We will affirm the conviction, concluding there was no evidentiary error. However, we will vacate the sentence and remand the matter. In Fuentes, the California Supreme Court determined a trial court has discretion under section 1385, subdivision (a) to strike a section 186.22 gang enhancement. (Fuentes, supra, 1 Cal.5th at pp. 221-222.) Because the trial court concluded it lacked such discretion, we will remand for resentencing.
BACKGROUND
Velda Renfro saw defendant driving past her home with two or three other boys in April 2009. She recognized him because he lived in her neighborhood and hung around with her son. She testified that as he drove by, he made a hand gesture toward her as if he were shooting a gun. She perceived the gesture as intimidating.
About thirty minutes later, Renfro noticed police in the neighborhood. A confrontation between defendant's gang and a rival gang had ended in gunfire. A fellow gang member testified for the prosecution, saying that he had brought a loaded gun to the confrontation. At the last minute, however, he gave the gun to defendant, who was 15 years old, because defendant wanted to "get active" with the gang by shooting at rivals. But police found the gun still loaded and the witness was positively identified as one of the shooters. Additional details regarding the crime are included in the discussion post.
The jury convicted defendant of shooting at an inhabited dwelling house (§ 246 -- count one). The jury also found that defendant committed the offense for the benefit of, at the direction of, or in association with, a criminal street gang (§ 186.22, subd. (b)(1)). The jury found defendant not guilty on three counts of assault with a firearm (§ 245, subd. (a)(2) -- counts two, three and four).
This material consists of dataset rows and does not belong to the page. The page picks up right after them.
lemma br_Nil: "br [] = 1"
  by (simp add: one_braid.abs_eq)

lemma br_surj: "\<exists>w. x = br w"
  by (metis Quotient3_abs_rep Quotient3_braid)

lemma br_eq_iff: "br u = br v \<longleftrightarrow> braid_eq u v"
  by (simp add: braid.abs_eq_iff)

lemma br_step: "braid_step u v \<Longrightarrow> br u = br v"
  by (simp add: br_eq_iff braid_eq_def r_into_equivclp)

lemma br_cancel: "br [(g, s), (g, \<not> s)] = 1"
  using br_step[OF braid_step.cancel[of "[]" g s "[]"]] by (simp add: br_Nil)

lemma br_inv_word_mult: "br (inv_word w) * br w = 1"
proof (induction w)
  case Nil
  then show ?case by (simp add: inv_word_def br_Nil)
next
  case (Cons x w)
  obtain g s where x: "x = (g, s)" by fastforce
  have "inv_word (x # w) @ x # w = inv_word w @ [(g, \<not> s), (g, s)] @ w"
    by (simp add: inv_word_def x)
  then have "br (inv_word (x # w)) * br (x # w) = br (inv_word w) * (br [(g, \<not> s), (g, s)] * br w)"
    by (metis br_append mult.assoc)
  with Cons show ?case using br_cancel[of g "\<not> s"] by simp
qed

instantiation braid :: group_mult
begin
definition ginv_braid :: "braid \<Rightarrow> braid" where
  "ginv_braid x = br (inv_word (rep_braid x))"
instance
proof
  fix x :: braid
  show "ginv x * x = 1"
    using br_inv_word_mult[of "rep_braid x"]
    by (metis ginv_braid_def Quotient3_abs_rep Quotient3_braid)
qed
end

lemma br_inv_word: "br (inv_word w) = ginv (br w)"
  using br_inv_word_mult[of w] by (metis mult.right_cancel ginv_mult_self)

lemma braid_conj_iff: "braid_conj v w \<longleftrightarrow> conjugate (br v) (br w)"
  unfolding braid_conj_def conjugate_def br_eq_iff[symmetric] br_append br_inv_word
  by (metis br_surj mult.assoc)

lemma br_npow: "br (npow w k) = br w ^ k"
  by (induction k) (simp_all add: npow_def br_Nil br_append)

lemma br_zpow: "br (zpow w n) = ipow (br w) n"
  by (simp add: zpow_def ipow_def br_npow br_inv_word)

definition \<sigma>\<^sub>1 :: braid where "\<sigma>\<^sub>1 = br wa"
definition \<sigma>\<^sub>2 :: braid where "\<sigma>\<^sub>2 = br wb"
definition \<delta> :: braid where "\<delta> = \<sigma>\<^sub>2 * \<sigma>\<^sub>1"
definition \<Delta> :: braid where "\<Delta> = \<sigma>\<^sub>1 * \<sigma>\<^sub>2 * \<sigma>\<^sub>1"

lemma braid_relation: "\<sigma>\<^sub>1 * \<sigma>\<^sub>2 * \<sigma>\<^sub>1 = \<sigma>\<^sub>2 * \<sigma>\<^sub>1 * \<sigma>\<^sub>2"
  using br_step[OF braid_step.rel[of "[]" "[]"]]
  by (simp add: \<sigma>\<^sub>1_def \<sigma>\<^sub>2_def wa_def wb_def flip: br_append)

lemma braid_relation_assoc: "\<sigma>\<^sub>1 * (\<sigma>\<^sub>2 * \<sigma>\<^sub>1) = \<sigma>\<^sub>2 * (\<sigma>\<^sub>1 * \<sigma>\<^sub>2)"
  by (metis braid_relation mult.assoc)

lemma braid_relation_mult: "\<sigma>\<^sub>1 * (\<sigma>\<^sub>2 * (\<sigma>\<^sub>1 * z)) = \<sigma>\<^sub>2 * (\<sigma>\<^sub>1 * (\<sigma>\<^sub>2 * z))"
  by (metis braid_relation mult.assoc)

lemma br_wx: "br wx = ginv \<sigma>\<^sub>1 * \<sigma>\<^sub>2 * \<sigma>\<^sub>1"
  by (simp add: wx_def br_append br_inv_word \<sigma>\<^sub>1_def \<sigma>\<^sub>2_def mult.assoc)

lemma br_wdelta: "br wdelta = \<delta>"
  by (simp add: wdelta_def br_append \<delta>_def \<sigma>\<^sub>1_def \<sigma>\<^sub>2_def)

lemma br_wDelta: "br wDelta = \<Delta>"
  by (simp add: wDelta_def br_append \<Delta>_def \<sigma>\<^sub>1_def \<sigma>\<^sub>2_def mult.assoc)

lemma Delta_eq: "\<Delta> = \<sigma>\<^sub>1 * \<delta>"
  by (simp add: \<Delta>_def \<delta>_def mult.assoc)

lemma Delta_sigma1: "\<Delta> * \<sigma>\<^sub>1 = \<sigma>\<^sub>2 * \<Delta>"
  by (simp add: \<Delta>_def mult.assoc braid_relation_mult)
At sentencing, the trial court noted defendant's youth and bad judgment and described the sentencing law as overly rigid and harsh under the circumstances. Nonetheless, based on appellate court decisions, the trial court concluded it was without discretion to impose a lesser sentence. Applying section 186.22, subdivision (b)(4), the trial court sentenced defendant to 15 years to life in prison.
DISCUSSION
I
Defendant contends the trial court erred in admitting evidence of the hand gesture he made to Renfro as if he were shooting a gun. Defendant argues the testimony was not relevant under Evidence Code section 350 and was unduly prejudicial under Evidence Code section 352.
Before trial, defendant successfully moved to exclude testimony by Renfro regarding a longstanding dispute between her son and defendant. But the trial court denied defendant's motion to exclude Renfro's testimony regarding the hand gesture, finding the testimony highly probative.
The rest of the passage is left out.